**Your goal**.
Using the records below, transcribe word for word the stretch from the line that contains "(* Let U = S" through the line that contains "The mean ergodic", both end lines included, and nothing else.

[Dataset entries]
________________________________________
(* Consider the quantum walk on the half line induced by the birth–death chain with parameters $(p_j,q_j,r_j)_{j\ge0}$, and assume the chain is positive recurrent, i.e. $C_R<\infty$. Define $$\pi(j)=\frac{1}{1+C_R}\Big\{\delta_0(j)+(1-\delta_0(j))\frac{p_0\cdots p_{j-1}}{q_1\cdots q_j}\Big\},\quad j\ge0.$$ Then for every $j\ge0$ and every unit vector $\Psi_0=\sum_{k\ge0:|k-j|\le1}\alpha_k\delta_{(k,j)}\in\ell^2(A)$, and every $i\ge0$, $$\overline{\mu}^{(\Psi_0)}_\infty(i)\ \ge\ |\langle a_j,\Psi_0\rangle|^2\,\pi(i)\,\pi(j).$$ In particular, for $\Psi_0=a_j$ one has $\overline{\mu}^{(\Psi_0)}_\infty(i)>0$ for all $i$ (localization).
   Context: Half-line setting: $V=\mathbb{Z}_+=\{0,1,2,\dots\}$, with parameters $p_j,q_j,r_j\ge0$, $p_j+q_j+r_j=1$, $q_0=0$, $p_j>0$ for $j\ge0$, $q_j>0$ for $j\ge1$; from $j$ the walker moves to $j+1$, $j-1$, $j$ with probabilities $p_j,q_j,r_j$. The arc set $A$ consists of $(j+1,j)$ for $j\ge0$ (denoted $|j;R\rangle$), $(j-1,j)$ for $j\ge1$ (denoted $|j;L\rangle$), and the self loop arc $(j,j)$ whenever $r_j>0$ (denoted $|j;O\rangle$); arc $(u,v)$ goes from $v$ to $u$. The shift $S$ on $\ell^2(A)$ swaps $\delta_{(u,v)}\leftrightarrow\delta_{(v,u)}$, i.e. $|j;R\rangle\leftrightarrow|j+1;L\rangle$ and fixes $|j;O\rangle$. $a_j=\sqrt{q_j}|j;L\rangle+\sqrt{r_j}|j;O\rangle+\sqrt{p_j}|j;R\rangle$ (terms with zero coefficient omitted). $\Pi_A$ is the orthogonal projection onto the closed span of $\{a_j\}$, $C=2\Pi_A-I$, $U=SC$. For a unit $\Psi_0\in\ell^2(A)$, $P(X_t=i)=\sum_{J}|\langle i;J|U^t\Psi_0\rangle|^2$ (sum over the arcs out of $i$) and $\overline{\mu}^{(\Psi_0)}_\infty(i)=\lim_{T\to\infty}\frac1T\sum_{t=0}^{T-1}P(X_t=i)$. $C_R=\sum_{j\ge1}\frac{p_0\cdots p_{j-1}}{q_1\cdots q_j}$. *)

theory Defs
  imports "HOL-Analysis.Analysis"
begin

text \<open>Arcs of the half-line graph. Rarc j = (j+1,j) = |j;R>, Larc j = (j-1,j) = |j;L>,
  Oarc j = (j,j) = |j;O>. An arc (u,v) goes from v to u, so each of these arcs has origin j.\<close>
datatype arc = Rarc nat | Larc nat | Oarc nat

fun origin :: "arc \<Rightarrow> nat" where
  "origin (Rarc j) = j" | "origin (Larc j) = j" | "origin (Oarc j) = j"

fun inA :: "(nat \<Rightarrow> real) \<Rightarrow> arc \<Rightarrow> bool" where
  "inA r (Rarc j) = True" | "inA r (Larc j) = (1 \<le> j)" | "inA r (Oarc j) = (0 < r j)"

definition in_l2 :: "(nat \<Rightarrow> real) \<Rightarrow> (arc \<Rightarrow> complex) \<Rightarrow> bool" where
  "in_l2 r f \<longleftrightarrow> (\<forall>a. \<not> inA r a \<longrightarrow> f a = 0) \<and> (\<lambda>a. (cmod (f a))^2) summable_on UNIV"

definition l2_inner :: "(arc \<Rightarrow> complex) \<Rightarrow> (arc \<Rightarrow> complex) \<Rightarrow> complex" where
  "l2_inner f g = infsum (\<lambda>a. cnj (f a) * g a) UNIV"

definition l2_norm :: "(arc \<Rightarrow> complex) \<Rightarrow> real" where
  "l2_norm f = sqrt (infsum (\<lambda>a. (cmod (f a))^2) UNIV)"

fun coef :: "(nat \<Rightarrow> real) \<Rightarrow> (nat \<Rightarrow> real) \<Rightarrow> (nat \<Rightarrow> real) \<Rightarrow> arc \<Rightarrow> real" where
  "coef p q r (Rarc j) = sqrt (p j)"
| "coef p q r (Larc j) = sqrt (q j)"
| "coef p q r (Oarc j) = sqrt (r j)"

text \<open>a_j = sqrt q_j |j;L> + sqrt r_j |j;O> + sqrt p_j |j;R> (only arcs of A).\<close>
definition avec :: "(nat \<Rightarrow> real) \<Rightarrow> (nat \<Rightarrow> real) \<Rightarrow> (nat \<Rightarrow> real) \<Rightarrow> nat \<Rightarrow> arc \<Rightarrow> complex" where
  "avec p q r j = (\<lambda>a. if origin a = j \<and> inA r a then complex_of_real (coef p q r a) else 0)"

definition closed_span_a :: "(nat \<Rightarrow> real) \<Rightarrow> (nat \<Rightarrow> real) \<Rightarrow> (nat \<Rightarrow> real) \<Rightarrow> (arc \<Rightarrow> complex) set" where
  "closed_span_a p q r = {\<phi>. in_l2 r \<phi> \<and>
     (\<forall>e>0. \<exists>F c. finite F \<and> l2_norm (\<lambda>a. \<phi> a - (\<Sum>j\<in>F. c j * avec p q r j a)) < e)}"

definition projA :: "(nat \<Rightarrow> real) \<Rightarrow> (nat \<Rightarrow> real) \<Rightarrow> (nat \<Rightarrow> real) \<Rightarrow> (arc \<Rightarrow> complex) \<Rightarrow> (arc \<Rightarrow> complex)" where
  "projA p q r \<psi> = (THE \<phi>. \<phi> \<in> closed_span_a p q r \<and>
      (\<forall>v\<in>closed_span_a p q r. l2_inner v (\<lambda>a. \<psi> a - \<phi> a) = 0))"

definition coin :: "(nat \<Rightarrow> real) \<Rightarrow> (nat \<Rightarrow> real) \<Rightarrow> (nat \<Rightarrow> real) \<Rightarrow> (arc \<Rightarrow> complex) \<Rightarrow> (arc \<Rightarrow> complex)" where
  "coin p q r \<psi> = (\<lambda>a. 2 * projA p q r \<psi> a - \<psi> a)"

fun shift :: "(arc \<Rightarrow> complex) \<Rightarrow> arc \<Rightarrow> complex" where
  "shift \<psi> (Rarc j) = \<psi> (Larc (Suc j))"
| "shift \<psi> (Larc (Suc j)) = \<psi> (Rarc j)"
| "shift \<psi> (Larc 0) = 0"
| "shift \<psi> (Oarc j) = \<psi> (Oarc j)"

definition Uop :: "(nat \<Rightarrow> real) \<Rightarrow> (nat \<Rightarrow> real) \<Rightarrow> (nat \<Rightarrow> real) \<Rightarrow> (arc \<Rightarrow> complex) \<Rightarrow> (arc \<Rightarrow> complex)" where
  "Uop p q r \<psi> = shift (coin p q r \<psi>)"

definition probX :: "(nat \<Rightarrow> real) \<Rightarrow> (nat \<Rightarrow> real) \<Rightarrow> (nat \<Rightarrow> real) \<Rightarrow> (arc \<Rightarrow> complex) \<Rightarrow> nat \<Rightarrow> nat \<Rightarrow> real" where
  "probX p q r \<Psi> t i = (\<Sum>a\<in>{a. origin a = i \<and> inA r a}. (cmod (((Uop p q r) ^^ t) \<Psi> a))^2)"

definition time_avg :: "(nat \<Rightarrow> real) \<Rightarrow> (nat \<Rightarrow> real) \<Rightarrow> (nat \<Rightarrow> real) \<Rightarrow> (arc \<Rightarrow> complex) \<Rightarrow> nat \<Rightarrow> nat \<Rightarrow> real" where
  "time_avg p q r \<Psi> i T = (\<Sum>t<T. probX p q r \<Psi> t i) / real T"

definition wgt :: "(nat \<Rightarrow> real) \<Rightarrow> (nat \<Rightarrow> real) \<Rightarrow> nat \<Rightarrow> real" where
  "wgt p q j = (\<Prod>k<j. p k) / (\<Prod>k\<in>{1..j}. q k)"

definition C_R :: "(nat \<Rightarrow> real) \<Rightarrow> (nat \<Rightarrow> real) \<Rightarrow> real" where
  "C_R p q = (\<Sum>n. wgt p q (Suc n))"

definition pi_stat :: "(nat \<Rightarrow> real) \<Rightarrow> (nat \<Rightarrow> real) \<Rightarrow> nat \<Rightarrow> real" where
  "pi_stat p q j = (1 / (1 + C_R p q)) *
     ((if j = 0 then 1 else 0) + (1 - (if j = 0 then 1 else 0)) * wgt p q j)"

end

theory Submission
  imports Defs
begin

(* Let U = S C be the walk operator on l2(A), pi the stationary measure, and
   Phi the vector that equals sqrt(pi(j)) a_j on the arcs out of every vertex j.  Then
   (1) U is a complex-linear contraction: C = 2 Pi_A - I is a reflection, S permutes arcs;
   (2) U Phi = Phi and <Phi, U w> = <Phi, w>: Phi lies in the closed span of the a_j, and by
       detailed balance of pi it takes equal values on mutually reversed arcs;
   (3) every fixed point of U is a multiple of Phi.
   The mean ergodic theorem (the Cesaro means of V^t x converge to a fixed vector of the
   contraction V) is used twice.  Applied to the tensor square U (x) conj U it shows that the
   time averages of |(U^t psi)(b)|^2 converge.  Applied to U itself, with (2) and (3), it
   shows that for z orthogonal to Phi the Cesaro means of U^t z tend to 0; writing
   psi = c Phi + z and expanding |c Phi(b) + (U^t z)(b)|^2 then bounds the limit below by
   |c|^2 |Phi(b)|^2.  Summing over the arcs out of i, and using <Phi, psi> = sqrt(pi(j))
   <a_j, psi> for psi supported on the arcs out of j and |Phi| <= 1, gives the theorem. *)

section \<open>Square-summable functions\<close>

definition square_summable :: "('i \<Rightarrow> complex) \<Rightarrow> bool" where
  "square_summable f \<longleftrightarrow> (\<lambda>a. (cmod (f a))^2) summable_on UNIV"
lemma is_eigenvalue_2x2_char_eq:
  fixes M :: "complex^2^2"
  assumes "is_eigenvalue M \<mu>"
  shows "(M$1$1 - \<mu>) * (M$2$2 - \<mu>) - M$1$2 * M$2$1 = 0"
  using is_eigenvalue_imp_det_eq_0[OF assms] by (simp add: det_2 mat_def)

(* Stated over any commutative ring, so that polynomials can be substituted for z and mu. *)
definition AF_charpoly :: "'a::comm_ring_1 \<Rightarrow> 'a \<Rightarrow> 'a \<Rightarrow> 'a \<Rightarrow> 'a \<Rightarrow> 'a \<Rightarrow> 'a \<Rightarrow> 'a" where
  "AF_charpoly n r s t u z \<mu> =
     (1 - n * (1 + (1 - n) * (u - t)) * (1 - z) - \<mu>) * ((1 - n) * (1 - n * r) + n * (1 - (1 - n) * s) * z - \<mu>)
     - n * (1 - n) * (u * z - t) * (1 - z) * (n * (1 - n) * (r + s))"

definition AF_trace :: "'a::comm_ring_1 \<Rightarrow> 'a \<Rightarrow> 'a \<Rightarrow> 'a \<Rightarrow> 'a \<Rightarrow> 'a \<Rightarrow> 'a" where
  "AF_trace n r s t u z =
     1 - n * (1 + (1 - n) * (u - t)) * (1 - z) + ((1 - n) * (1 - n * r) + n * (1 - (1 - n) * s) * z)"

lemma AF_charpoly_eigenvalue_eq_0:
  assumes "is_eigenvalue (AF_matrix \<nu> R S T U \<theta>) \<mu>"
  shows "AF_charpoly (of_real \<nu>) (of_real R) (of_real S) (of_real T) (of_real U)
           (exp (- \<i> * of_real \<theta>)) \<mu> = 0"
  using is_eigenvalue_2x2_char_eq[OF assms] by (simp add: AF_matrix_def AF_charpoly_def Let_def)
lemma mod_double_eq_shift:
  fixes a b M :: nat
  assumes "0 < M" "a mod M = b mod M" "a mod (2 * M) \<noteq> b mod (2 * M)"
  shows "b mod (2 * M) = (a + M) mod (2 * M)"
proof -
  have split: "x mod (2 * M) = M * (x div M mod 2) + x mod M" for x
    using mod_mult2_eq[of x M 2] by (simp add: mult.commute)
  have "b div M mod 2 \<noteq> a div M mod 2" using assms(2,3) split by metis
  moreover have "(a + M) div M = a div M + 1" using assms(1) div_add_self2[of M a] by simp
  moreover have "y mod 2 \<noteq> x mod 2 \<Longrightarrow> y mod 2 = (x + 1) mod 2" for x y :: nat
    by presburger
  ultimately have "b div M mod 2 = (a + M) div M mod 2" by simp
  then show ?thesis using assms(2) split[of b] split[of "a + M"] by simp
qed

definition dist_to_multiple :: "nat \<Rightarrow> nat \<Rightarrow> nat" where
  "dist_to_multiple N p = (N - p mod N) mod N"

lemma dist_to_multiple_lt: "0 < N \<Longrightarrow> dist_to_multiple N p < N"
  by (simp add: dist_to_multiple_def)

lemma add_dist_to_multiple_mod: "(p + dist_to_multiple N p) mod N = 0" if "0 < N"
proof -
  have "(p + dist_to_multiple N p) mod N = (p mod N + (N - p mod N)) mod N"
    unfolding dist_to_multiple_def by (metis mod_add_eq mod_mod_trivial)
  also have "p mod N + (N - p mod N) = N"
    using that by (simp add: less_imp_le_nat)
  finally show ?thesis by simp
qed
(* With $n_1,n_2,c,\varepsilon,\omega,\Omega$ as below and $\mathcal{O}\subset\mathbb{R}^2_+$ bounded, for $\gamma>0$, $\tau>0$ let $\mathcal{O}_0(\gamma)$ be the set of $\xi\in\mathcal{O}$ such that for all $k\in\mathbb{Z}^2\setminus\{0\}$ and all $i,j\in\mathbb{Z}_1$: $|\langle k,\omega(\xi)\rangle|\ge\gamma|k|^{-\tau}$; $|\langle k,\omega(\xi)\rangle\pm\Omega_j(\xi)|\ge\gamma|j|^{2}|k|^{-\tau}$; $|\langle k,\omega(\xi)\rangle\pm(\Omega_i(\xi)+\Omega_j(\xi))|\ge\gamma(|i|+|j|)^2|k|^{-\tau}$; $|\langle k,\omega(\xi)\rangle+\Omega_i(\xi)-\Omega_j(\xi)|\ge\gamma(|i|-|j|)(|i|+|j|)|k|^{-\tau}$ whenever $|i|\ne|j|$; $|\langle k,\omega(\xi)\rangle+\Omega_j(\xi)-\Omega_{-j}(\xi)|\ge\gamma|j||k|^{-\tau}$ (whenever $j,-j\in\mathbb{Z}_1$). Then for $\tau$ sufficiently large there exist $\gamma_0>0$ and $C>0$ (independent of $\gamma$) such that $\mathrm{meas}(\mathcal{O}\setminus\mathcal{O}_0(\gamma))\le C\gamma$ for all $0<\gamma\le\gamma_0$.
   Context: $n_1,n_2$ are integers with $n_2>n_1>0$, $n_1$ odd, $n_2-n_1=4$; $c>0$, $\varepsilon>0$ with $\varepsilon^{-4}>\frac{c}{2\pi}$; $\mathbb{Z}_1=\mathbb{Z}\setminus\{0,n_1,n_2\}$; $|k|=|k_1|+|k_2|$. $\omega_1(\xi)=\varepsilon^{-4}n_1^2+\frac{1}{4\pi}(n_1+n_2)c+\frac1{4\pi}(n_1-n_2)\xi_1$, $\omega_2(\xi)=\varepsilon^{-4}n_2^2+\frac{1}{4\pi}(n_1+n_2)c+\frac1{4\pi}(n_2-n_1)\xi_2$, $\Omega_j(\xi)=\varepsilon^{-4}j^2+\frac{1}{4\pi}(cj+n_1\xi_1+n_2\xi_2)$ for $j\in\mathbb{Z}_1$. "meas" is Lebesgue measure on $\mathbb{R}^2$. *)

theory Defs
  imports "HOL-Analysis.Analysis"
begin

definition Z1 :: "int \<Rightarrow> int \<Rightarrow> int set" where
  "Z1 n1 n2 = UNIV - {0, n1, n2}"

definition knorm :: "int \<times> int \<Rightarrow> real" where
  "knorm k = real_of_int (\<bar>fst k\<bar> + \<bar>snd k\<bar>)"

definition omega1 :: "int \<Rightarrow> int \<Rightarrow> real \<Rightarrow> real \<Rightarrow> real \<times> real \<Rightarrow> real" where
  "omega1 n1 n2 c eps xi = (1 / eps ^ 4) * (real_of_int n1)^2
     + (1 / (4 * pi)) * real_of_int (n1 + n2) * c
     + (1 / (4 * pi)) * real_of_int (n1 - n2) * fst xi"

definition omega2 :: "int \<Rightarrow> int \<Rightarrow> real \<Rightarrow> real \<Rightarrow> real \<times> real \<Rightarrow> real" where
  "omega2 n1 n2 c eps xi = (1 / eps ^ 4) * (real_of_int n2)^2
     + (1 / (4 * pi)) * real_of_int (n1 + n2) * c
     + (1 / (4 * pi)) * real_of_int (n2 - n1) * snd xi"

definition Omega :: "int \<Rightarrow> int \<Rightarrow> real \<Rightarrow> real \<Rightarrow> int \<Rightarrow> real \<times> real \<Rightarrow> real" where
  "Omega n1 n2 c eps j xi = (1 / eps ^ 4) * (real_of_int j)^2
     + (1 / (4 * pi)) * (c * real_of_int j + real_of_int n1 * fst xi + real_of_int n2 * snd xi)"

definition kdot :: "int \<Rightarrow> int \<Rightarrow> real \<Rightarrow> real \<Rightarrow> int \<times> int \<Rightarrow> real \<times> real \<Rightarrow> real" where
  "kdot n1 n2 c eps k xi =
     real_of_int (fst k) * omega1 n1 n2 c eps xi + real_of_int (snd k) * omega2 n1 n2 c eps xi"

definition O0 :: "int \<Rightarrow> int \<Rightarrow> real \<Rightarrow> real \<Rightarrow> (real \<times> real) set \<Rightarrow> real \<Rightarrow> real \<Rightarrow> (real \<times> real) set" where
  "O0 n1 n2 c eps U \<tau> \<gamma> = {xi \<in> U. \<forall>k :: int \<times> int. k \<noteq> (0, 0) \<longrightarrow>
      (let w = kdot n1 n2 c eps k xi; Om = (\<lambda>j. Omega n1 n2 c eps j xi);
           d = knorm k powr (- \<tau>) in
        \<bar>w\<bar> \<ge> \<gamma> * d
      \<and> (\<forall>j \<in> Z1 n1 n2. \<forall>s \<in> {-1, 1::real}. \<bar>w + s * Om j\<bar> \<ge> \<gamma> * (real_of_int \<bar>j\<bar>)^2 * d)
      \<and> (\<forall>i \<in> Z1 n1 n2. \<forall>j \<in> Z1 n1 n2. \<forall>s \<in> {-1, 1::real}.
            \<bar>w + s * (Om i + Om j)\<bar> \<ge> \<gamma> * (real_of_int (\<bar>i\<bar> + \<bar>j\<bar>))^2 * d)
      \<and> (\<forall>i \<in> Z1 n1 n2. \<forall>j \<in> Z1 n1 n2. \<bar>i\<bar> \<noteq> \<bar>j\<bar> \<longrightarrow>
            \<bar>w + Om i - Om j\<bar> \<ge> \<gamma> * real_of_int ((\<bar>i\<bar> - \<bar>j\<bar>) * (\<bar>i\<bar> + \<bar>j\<bar>)) * d)
      \<and> (\<forall>j. j \<in> Z1 n1 n2 \<and> - j \<in> Z1 n1 n2 \<longrightarrow>
            \<bar>w + Om j - Om (- j)\<bar> \<ge> \<gamma> * real_of_int \<bar>j\<bar> * d))}"

end

theory Submission
  imports Defs
begin

(* Every condition defining O_0(gamma) asks a "small divisor"
     <k, omega(xi)> + (combination of Omega_i(xi), Omega_j(xi))
   to stay away from zero.  Each such divisor is an affine function of xi, and because n1 is odd
   and n2 - n1 = 4 its gradient has a coordinate of size >= 1/(4 pi) whenever k <> 0.  Hence the
   set where one divisor is small is a strip of measure O(gamma * weight * |k|^-tau).
   Since Omega_j grows like kappa j^2 with kappa = eps^-4 - c/(4 pi) > 0, while <k, omega> = O(|k|)
   on the bounded set O, a violated condition can only involve indices of size O(|k|).  So for
   |k| = n only O(n^2) wave vectors and O(n^2) divisors matter, each of weight O(n^2): the
   resonant set of the shell |k| = n has measure O(gamma n^(6 - tau)), summable for tau > 7. *)

definition strip :: "real \<Rightarrow> real \<Rightarrow> real \<Rightarrow> real \<Rightarrow> (real \<times> real) set" where
  "strip a1 a2 b r = {p. \<bar>a1 * fst p + a2 * snd p + b\<bar> < r}"

lemma strip_open: "open (strip a1 a2 b r)"
  unfolding strip_def by (intro open_Collect_less continuous_intros)

lemma emeasure_interval_sublevel:
  fixes a b r :: real
  assumes "a \<noteq> 0" "r \<ge> 0"
  shows "emeasure lborel {y. \<bar>a * y + b\<bar> < r} = ennreal (2 * r / \<bar>a\<bar>)"
proof (cases "a > 0")
  case True
  have "{y. \<bar>a * y + b\<bar> < r} = {(-b - r)/a <..< (r - b)/a}"
    using True by (auto simp: field_simps abs_less_iff)
  moreover have "(-b - r)/a \<le> (r - b)/a" using True assms by (simp add: divide_right_mono)
  ultimately show ?thesis using True by (simp add: diff_divide_distrib[symmetric])
next
  case False
  hence a: "a < 0" using assms by simp
  have "{y. \<bar>a * y + b\<bar> < r} = {(r - b)/a <..< (-b - r)/a}"
    using a by (auto simp: field_simps abs_less_iff)
  moreover have "(r - b)/a \<le> (-b - r)/a" using a assms by (simp add: divide_right_mono_neg)
  ultimately show ?thesis using a by (simp add: diff_divide_distrib[symmetric])
qed

text \<open>Fubini: every vertical fibre of a strip with \<open>a2 \<noteq> 0\<close>, cut to a square of side \<open>2R\<close>,
  has length at most \<open>2r/|a2|\<close>.\<close>
lemma emeasure_strip_vertical:
  fixes a1 a2 b r R :: real
  assumes "a2 \<noteq> 0" "r \<ge> 0" "R \<ge> 0"
  shows "emeasure lborel (strip a1 a2 b r \<inter> cbox (-R, -R) (R, R)) \<le> ennreal (2 * R * (2 * r / \<bar>a2\<bar>))"
proof -
  let ?A = "strip a1 a2 b r \<inter> cbox (-R, -R) (R, R)"
  have A: "?A \<in> sets (lborel \<Otimes>\<^sub>M lborel)"
    unfolding lborel_prod using strip_open by (intro sets.Int borel_open borel_closed) auto
  have fibre: "emeasure lborel (Pair x -` ?A) \<le> ennreal (2 * r / \<bar>a2\<bar>) * indicator {-R..R} x" for x
  proof (cases "x \<in> {-R..R}")
    case True
    have "Pair x -` ?A \<subseteq> {y. \<bar>a2 * y + (a1 * x + b)\<bar> < r}" by (auto simp: strip_def algebra_simps)
    hence "emeasure lborel (Pair x -` ?A) \<le> emeasure lborel {y. \<bar>a2 * y + (a1 * x + b)\<bar> < r}"
      by (intro emeasure_mono) (auto intro!: borel_open open_Collect_less continuous_intros)
    thus ?thesis using True emeasure_interval_sublevel[OF assms(1,2)] by simp
  next
    case False
    hence "Pair x -` ?A = {}" by (auto simp: cbox_Pair_iff)
    thus ?thesis using False by simp
  qed
  have "emeasure lborel ?A = (\<integral>\<^sup>+x. emeasure lborel (Pair x -` ?A) \<partial>lborel)"
    using lborel.emeasure_pair_measure_alt[OF A] by (simp only: lborel_prod)
  also have "\<dots> \<le> (\<integral>\<^sup>+x. ennreal (2 * r / \<bar>a2\<bar>) * indicator {-R..R} x \<partial>lborel)"
    by (intro nn_integral_mono fibre)
  also have "\<dots> = ennreal (2 * R * (2 * r / \<bar>a2\<bar>))"
    using assms by (subst nn_integral_cmult) (auto simp flip: ennreal_mult simp: mult_ac)
  finally show ?thesis .
qed

text \<open>The reflection in the diagonal preserves planar Lebesgue measure; it reduces strips with a
  large first coefficient to the vertical case.\<close>
lemma emeasure_swap:
  fixes A :: "(real \<times> real) set"
  assumes "A \<in> sets lborel"
  shows "emeasure lborel A = emeasure lborel ((\<lambda>(x, y). (y, x)) -` A)"
proof -
  have "(lborel :: (real \<times> real) measure) = distr lborel lborel (\<lambda>(x, y). (y, x))"
    using lborel_pair.distr_pair_swap[where 'a=real and 'b=real] by (simp only: lborel_prod)
  hence "emeasure lborel A = emeasure (distr lborel lborel (\<lambda>(x::real, y::real). (y, x))) A"
    by simp
  also have "\<dots> = emeasure lborel ((\<lambda>(x, y). (y, x)) -` A)"
    using assms measurable_pair_swap'[of lborel lborel, unfolded lborel_prod]
    by (subst emeasure_distr) auto
  finally show ?thesis .
qed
________________________________________
**Finished task**.
(* Let U = S C be the walk operator on l2(A), pi the stationary measure, and
   Phi the vector that equals sqrt(pi(j)) a_j on the arcs out of every vertex j.  Then
   (1) U is a complex-linear contraction: C = 2 Pi_A - I is a reflection, S permutes arcs;
   (2) U Phi = Phi and <Phi, U w> = <Phi, w>: Phi lies in the closed span of the a_j, and by
       detailed balance of pi it takes equal values on mutually reversed arcs;
   (3) every fixed point of U is a multiple of Phi.
   The mean ergodic theorem (the Cesaro means of V^t x converge to a fixed vector of the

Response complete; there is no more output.